Stored data

theorem mainTheorem6:
  fixes chi :: "'a::{ab_group_add,finite} \<Rightarrow> 'a \<Rightarrow> complex"
    and phi :: "'a \<Rightarrow> 'a"
    and hPhi :: "nat \<Rightarrow> 'a \<Rightarrow> 'a"
    and p k :: nat
  assumes p_prime: "prime p"
    and k_pos: "k \<ge> 1"
    and chi_nonzero: "\<And>x y. chi x y \<noteq> 0"
    and chi_hom: "\<And>x y z. chi x (y + z) = chi x y * chi x z"
    and chi_add: "\<And>x x' y. chi (x + x') y = chi x y * chi x' y"
    and chi_sym: "\<And>x y. chi x y = chi y x"
    and chi_inj: "inj chi"
    and phi_bij: "bij phi"
    and phi_add: "\<And>a b. phi (a + b) = phi a + phi b"
    and phi_order: "phi ^^ p = id"
    and hPhi_dual: "\<And>b x d. b < p \<Longrightarrow> chi x (Phi phi b d) = chi (hPhi b x) d"
  shows
    "SigmaOp chi hPhi p k =
       (\<lambda>i j. (of_nat CARD('a) / of_nat ((p * CARD('a)) ^ k)) *
          (\<Sum>x\<in>Ak k. \<Sum>w\<in>UNIV. of_nat (eta hPhi p k x w) *
             ketbra (ketS hPhi p k x w) (ketS hPhi p k x w) i j))
     \<and> (\<forall>d. density_op (index_set p k) (sigma chi hPhi p k d))
     \<and> (\<exists>R. is_pinv_sqrt (index_set p k) (SigmaOp chi hPhi p k) R)
     \<and> (\<forall>R. is_pinv_sqrt (index_set p k) (SigmaOp chi hPhi p k) R \<longrightarrow>
          (\<forall>j. \<forall>i\<in>index_set p k. \<forall>i'\<in>index_set p k.
             op_mult (index_set p k) (op_mult (index_set p k) R (sigma chi hPhi p k j)) R i i'
               = Eop chi hPhi p k j i i'))
     \<and> (\<forall>d. op_trace (index_set p k) (op_mult (index_set p k) (Eop chi hPhi p k d) (sigma chi hPhi p k d))
           = of_nat p / of_nat ((p * CARD('a)) ^ (k + 1)) *
             (\<Sum>x\<in>Ak k. (\<Sum>w\<in>UNIV. complex_of_real (sqrt (real (eta hPhi p k x w)))) ^ 2))"
proof -
  interpret hidden_subgroup_states chi hPhi p k
    using chi_nonzero chi_hom chi_add chi_inj prime_gt_0_nat[OF p_prime] by unfold_locales
  show ?thesis
    using SigmaOp_eq density_op_sigma pinv_sqrt_SigmaOp_exists pretty_good_measurement_eq_Eop
      op_trace_Eop_sigma by blast
qed

end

▶ [Problem description]
Could you restate, word for word, the lines above from the one with "and p k :: nat" to the one with "show ?thesis", both included?

▶ [Response for this exercise]
    and p k :: nat
  assumes p_prime: "prime p"
    and k_pos: "k \<ge> 1"
    and chi_nonzero: "\<And>x y. chi x y \<noteq> 0"
    and chi_hom: "\<And>x y z. chi x (y + z) = chi x y * chi x z"
    and chi_add: "\<And>x x' y. chi (x + x') y = chi x y * chi x' y"
    and chi_sym: "\<And>x y. chi x y = chi y x"
    and chi_inj: "inj chi"
    and phi_bij: "bij phi"
    and phi_add: "\<And>a b. phi (a + b) = phi a + phi b"
    and phi_order: "phi ^^ p = id"
    and hPhi_dual: "\<And>b x d. b < p \<Longrightarrow> chi x (Phi phi b d) = chi (hPhi b x) d"
  shows
    "SigmaOp chi hPhi p k =
       (\<lambda>i j. (of_nat CARD('a) / of_nat ((p * CARD('a)) ^ k)) *
          (\<Sum>x\<in>Ak k. \<Sum>w\<in>UNIV. of_nat (eta hPhi p k x w) *
             ketbra (ketS hPhi p k x w) (ketS hPhi p k x w) i j))
     \<and> (\<forall>d. density_op (index_set p k) (sigma chi hPhi p k d))
     \<and> (\<exists>R. is_pinv_sqrt (index_set p k) (SigmaOp chi hPhi p k) R)
     \<and> (\<forall>R. is_pinv_sqrt (index_set p k) (SigmaOp chi hPhi p k) R \<longrightarrow>
          (\<forall>j. \<forall>i\<in>index_set p k. \<forall>i'\<in>index_set p k.
             op_mult (index_set p k) (op_mult (index_set p k) R (sigma chi hPhi p k j)) R i i'
               = Eop chi hPhi p k j i i'))
     \<and> (\<forall>d. op_trace (index_set p k) (op_mult (index_set p k) (Eop chi hPhi p k d) (sigma chi hPhi p k d))
           = of_nat p / of_nat ((p * CARD('a)) ^ (k + 1)) *
             (\<Sum>x\<in>Ak k. (\<Sum>w\<in>UNIV. complex_of_real (sqrt (real (eta hPhi p k x w)))) ^ 2))"
proof -
  interpret hidden_subgroup_states chi hPhi p k
    using chi_nonzero chi_hom chi_add chi_inj prime_gt_0_nat[OF p_prime] by unfold_locales
  show ?thesis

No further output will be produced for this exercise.